» Instructions to follow:
Check every line below for the word "length" and copy each one that has it.

» Data for this task:

(* Let $(T,\sigma)$ be a confluent temperature-1 TAS whose maximal producible assembly $\alpha_{\max}$ has a binding graph containing $\mathrm{Grid}(m,p,q)$. Let $r$ be a non-empty finite free path and $A\in\mathbb Z^2$. If the path $A.r^{\omega}$ is a subgraph of the binding graph of $\alpha_{\max}$, then there is a vertex $B\in\mathbb Z^2$ such that the bi-infinite path ${}^{\omega}r.B.r^{\omega}$ is a subgraph of the binding graph of $\alpha_{\max}$.
   Context: Directions $D=\{E=(1,0),N=(0,1),S=(0,-1),W=(-1,0)\}$; $\mathbb Z^2$ is the grid graph; a free path is a word over $D$ whose walk is simple; $A.m$ is the path from $A$ following $m$; $\vec m$ is the displacement of finite $m$; ${}^\omega r.B.r^\omega$ is the bi-infinite path through $B$ following $r$ periodically in both directions. Grid: for finite free paths $m,p,q$ with $\vec p,\vec q$ not collinear and ${}^\omega p^\omega$, ${}^\omega q^\omega$ free paths, $\mathrm{Grid}(m,p,q)$ is the union over $i,j\in\mathbb Z$ of the paths ${}^\omega p.(\vec m+i\vec p+j\vec q).p^\omega$ and ${}^\omega q.(\vec m+i\vec p+j\vec q).q^\omega$. Tile assembly: tile type $t:D\to\Sigma$; temperature-1 TAS $(T,\sigma)$; assembly = partial map $\alpha:\mathbb Z^2\to T\cup\{\sigma\}$; binding graph edge $\{v,v+d\}$ iff $\alpha(v)_d=\alpha(v+d)_{-d}$; producible = connected binding graph with $\alpha((0,0))=\sigma$; confluent = any two producible assemblies agree on common domain; $\alpha_{\max}$ the unique maximal producible assembly. *)

theory Defs
  imports Main
begin

type_synonym pt = "int \<times> int"

datatype dir = E | N | S | W

fun dvec :: "dir \<Rightarrow> pt" where
  "dvec E = (1, 0)" | "dvec N = (0, 1)" | "dvec S = (0, -1)" | "dvec W = (-1, 0)"

fun opp :: "dir \<Rightarrow> dir" where
  "opp E = W" | "opp W = E" | "opp N = S" | "opp S = N"

definition padd :: "pt \<Rightarrow> pt \<Rightarrow> pt" where
  "padd a b = (fst a + fst b, snd a + snd b)"

definition psmul :: "int \<Rightarrow> pt \<Rightarrow> pt" where
  "psmul k a = (k * fst a, k * snd a)"

definition disp :: "dir list \<Rightarrow> pt" where
  "disp m = foldr (\<lambda>d acc. padd (dvec d) acc) m (0, 0)"

definition free_fin :: "dir list \<Rightarrow> bool" where
  "free_fin m \<longleftrightarrow> inj_on (\<lambda>i. disp (take i m)) {0..length m}"

text \<open>Vertex number i (i an integer) of the periodic walk following r which is at X at index 0.
  Restricted to indices i \<ge> 0 it is the path X.r^omega; on all of the integers it is the
  bi-infinite path ^omega r.X.r^omega.  Consecutive vertices differ by dvec (r ! (i mod |r|)).\<close>
definition per_pos :: "pt \<Rightarrow> dir list \<Rightarrow> int \<Rightarrow> pt" where
  "per_pos X r i =
     padd X (padd (psmul (i div int (length r)) (disp r))
                  (disp (take (nat (i mod int (length r))) r)))"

» Response area:
  "free_fin m \<longleftrightarrow> inj_on (\<lambda>i. disp (take i m)) {0..length m}"
     padd X (padd (psmul (i div int (length r)) (disp r))
                  (disp (take (nat (i mod int (length r))) r)))"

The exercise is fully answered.